Rybczynski mengemukakan analisisnya yang berbeda dengan analisis di atas yang
dikenal dengan Teorema Rybczynski, yang menyatakan bahwa pada harga-harga komoditi yang
konstan, setiap kenaikan dalam kepemilikan atau jumlah salah satu faktor produksi akan
meningkatkan output dari komoditi yang lebih banyak menggunakan faktor produksi itu di
banding faktor produksi lainnya, dan dalam waktu bersamaan akan menurunkan output komoditi
lain. Jika terjadi pertambahan faktor L (sementara faktor K tetap atau bertambah sedikit saja),
maka output komoditi X yang padat L akan meningkat dan melampaui output komoditi Y yang
padat K. Bahkan secara relatif output Y akan menurun pada Px/Py yang konstan.
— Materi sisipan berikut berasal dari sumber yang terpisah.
lemma Lstar_idemI:
  assumes sg: "sgrp S m" and a: "a \<in> S" and e: "e \<in> idems S m" and ae: "m a e = a"
    and cancel: "\<And>u v. u \<in> S \<Longrightarrow> v \<in> S \<Longrightarrow> m a u = m a v \<Longrightarrow> m e u = m e v"
  shows "Lstar S m a e"
proof -
  have eS: "e \<in> S" and ee: "m e e = e" using e by (simp_all add: idems_iff)
  have cancel1: "rmul1 m e u = rmul1 m e v"
    if u: "u \<in> S1 S" and v: "v \<in> S1 S" and uv: "rmul1 m a u = rmul1 m a v" for u v
  proof -
    define u' where "u' = (case u of None \<Rightarrow> e | Some w \<Rightarrow> w)"
    define v' where "v' = (case v of None \<Rightarrow> e | Some w \<Rightarrow> w)"
    have "u' \<in> S" "v' \<in> S" "rmul1 m a u = m a u'" "rmul1 m a v = m a v'"
      "rmul1 m e u = m e u'" "rmul1 m e v = m e v'"
      using u v eS ee ae by (auto simp: S1_iff u'_def v'_def)
    then show ?thesis using cancel uv by metis
  qed
  have "rmul1 m a u = m a (rmul1 m e u)" if "u \<in> S1 S" for u
    using that ae sg a eS by (auto simp: S1_iff sgrp_assoc[symmetric])
  then show ?thesis
    unfolding Lstar_def using a eS cancel1 by metis
qed

lemma GL_idems_iff:
  assumes "sgrp S m" "a \<in> idems S m" "b \<in> idems S m"
  shows "GL S m a b \<longleftrightarrow> m a b = a \<and> m b a = b"
proof
  assume "GL S m a b"
  then obtain u v where u: "u \<in> S1 S" "a = lmul1 m u b" and v: "v \<in> S1 S" "b = lmul1 m v a"
    by (auto simp: GL_def)
  have "m a b = a"
    using u assms by (cases u) (auto simp: S1_iff idems_iff sgrp_assoc)
  moreover have "m b a = b"
    using v assms by (cases v) (auto simp: S1_iff idems_iff sgrp_assoc)
  ultimately show "m a b = a \<and> m b a = b" by simp
next
  assume "m a b = a \<and> m b a = b"
  then show "GL S m a b" using assms unfolding GL_def idems_iff
    by (metis Some_in_S1 lmul1_simps(2))
qed

lemma GR_idems_iff:
  assumes "sgrp S m" "a \<in> idems S m" "b \<in> idems S m"
  shows "GR S m a b \<longleftrightarrow> m b a = a \<and> m a b = b"
proof
  assume "GR S m a b"
  then obtain u v where u: "u \<in> S1 S" "a = rmul1 m b u" and v: "v \<in> S1 S" "b = rmul1 m a v"
    by (auto simp: GR_def)
  have "m b a = a"
    using u assms by (cases u) (auto simp: S1_iff idems_iff, metis sgrp_assoc)
  moreover have "m a b = b"
    using v assms by (cases v) (auto simp: S1_iff idems_iff, metis sgrp_assoc)
  ultimately show "m b a = a \<and> m a b = b" by simp
next
  assume "m b a = a \<and> m a b = b"
  then show "GR S m a b" using assms unfolding GR_def idems_iff
    by (metis Some_in_S1 rmul1_simps(2))
qed

lemma adequate_imp_sgrp: "adequate S m \<Longrightarrow> sgrp S m"
  by (simp add: adequate_def abundant_def)

lemma aplus_eq:
  assumes ad: "adequate S m" and e: "e \<in> idems S m" "Rstar S m a e"
  shows "aplus S m a = e"
  unfolding aplus_def
proof (rule the_equality)
  fix f assume f: "f \<in> idems S m \<and> Rstar S m a f"
  then have "Rstar S m e f" using e Rstar_trans Rstar_sym by metis
  then have "m f e = e" "m e f = f" using Rstar_idems e f by metis+
  moreover have "m e f = m f e" using ad e f by (simp add: adequate_def)
  ultimately show "f = e" by simp
qed (use e in simp)

lemma astar_eq:
  assumes ad: "adequate S m" and e: "e \<in> idems S m" "Lstar S m a e"
  shows "astar S m a = e"
  unfolding astar_def
proof (rule the_equality)
  fix f assume f: "f \<in> idems S m \<and> Lstar S m a f"
  then have "Lstar S m e f" using e Lstar_trans Lstar_sym by metis
  then have "m e f = e" "m f e = f" using Lstar_idems e f by metis+
  moreover have "m e f = m f e" using ad e f by (simp add: adequate_def)
  ultimately show "f = e" by simp
qed (use e in simp)

lemma aplus_idem_Rstar:
  assumes "adequate S m" "a \<in> S"
  shows "aplus S m a \<in> idems S m \<and> Rstar S m a (aplus S m a)"
proof -
  obtain e where "e \<in> idems S m" "Rstar S m a e"
    using assms unfolding adequate_def abundant_def by blast
  then show ?thesis using aplus_eq[OF assms(1)] by simp
qed

lemma astar_idem_Lstar:
  assumes "adequate S m" "a \<in> S"
  shows "astar S m a \<in> idems S m \<and> Lstar S m a (astar S m a)"
proof -
  obtain e where "e \<in> idems S m" "Lstar S m a e"
    using assms unfolding adequate_def abundant_def by blast
  then show ?thesis using astar_eq[OF assms(1)] by simp
qed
Untuk lebih
jelasnya perhatikan gambar berikut. menjelaskan kurva kemungkinan produksi sebelum kenaikan
faktor produksi L (PPC I) dan setelah kenaikan faktor produksi L (PPC II), sedangkan faktor K
konstan atau kenaikannya tidak sebesar faktor L. Pada kondisi perdagangan bebas pada PPC I
titik produksi berada di titik A dengan jumlah output 20 Y dan 130X berdasarkan harga-harga
relatif Px/Py I. Ketika faktor L bertambah PPC bergeser ke PPC II, sedangkan harga relatif
konstan di mana Px/Py II = Px/Py I dengan titik produksi pada titik B. Titik tersebut terletak
pada PPC II dengan jumlah output 10Y dan 270X. Dengan demikian output X yang padat L
bertambah bahkan lebih dari dua kali lipat yaitu dari 130X menjadi 270X, sedangkan output Y
yang padat K justru menurun dari 20Y menjadi 10Y. Kenaikan output X tersebut hanya
disebabkan oleh bertambahnya faktor L, namun juga berpindahnya sebagian faktor L yang
semula berada pada sektor yang memproduksi Y, sehingga output X bertambah dua kali lipat
atau lebih besar dari rasio pertambahan faktor L.
B. Pertumbuhan dan Perdagangan Bagi Negara Kecil
Di dalam perdagangan internasional besar kecilnya suatu negara tidak diukur
secara absolut, tetapi besar kecilnya suatu negara diukur secara relatif terhadap pasar. Artinya
walaupun suatu negara dilihat dari aspek wilayah adalah negara kecil (secara absolut), akan
tetapi produk negara tersebut menguasai pasar internasional, maka ia layak disebut sebagai
negara besar.. Jika produk suatu negara menguasai pasar internasional, maka ia dapat menjadi
penentu harga (price maker). Dengan demikian sebuah negara kecil adalah negara yang bertindak
sebagai price taker yaitu negara yang tidak mampu mengubah harga pasar suatu produk
berapapun jumlah yang diminta atau ditawarkan atas produk terserbut.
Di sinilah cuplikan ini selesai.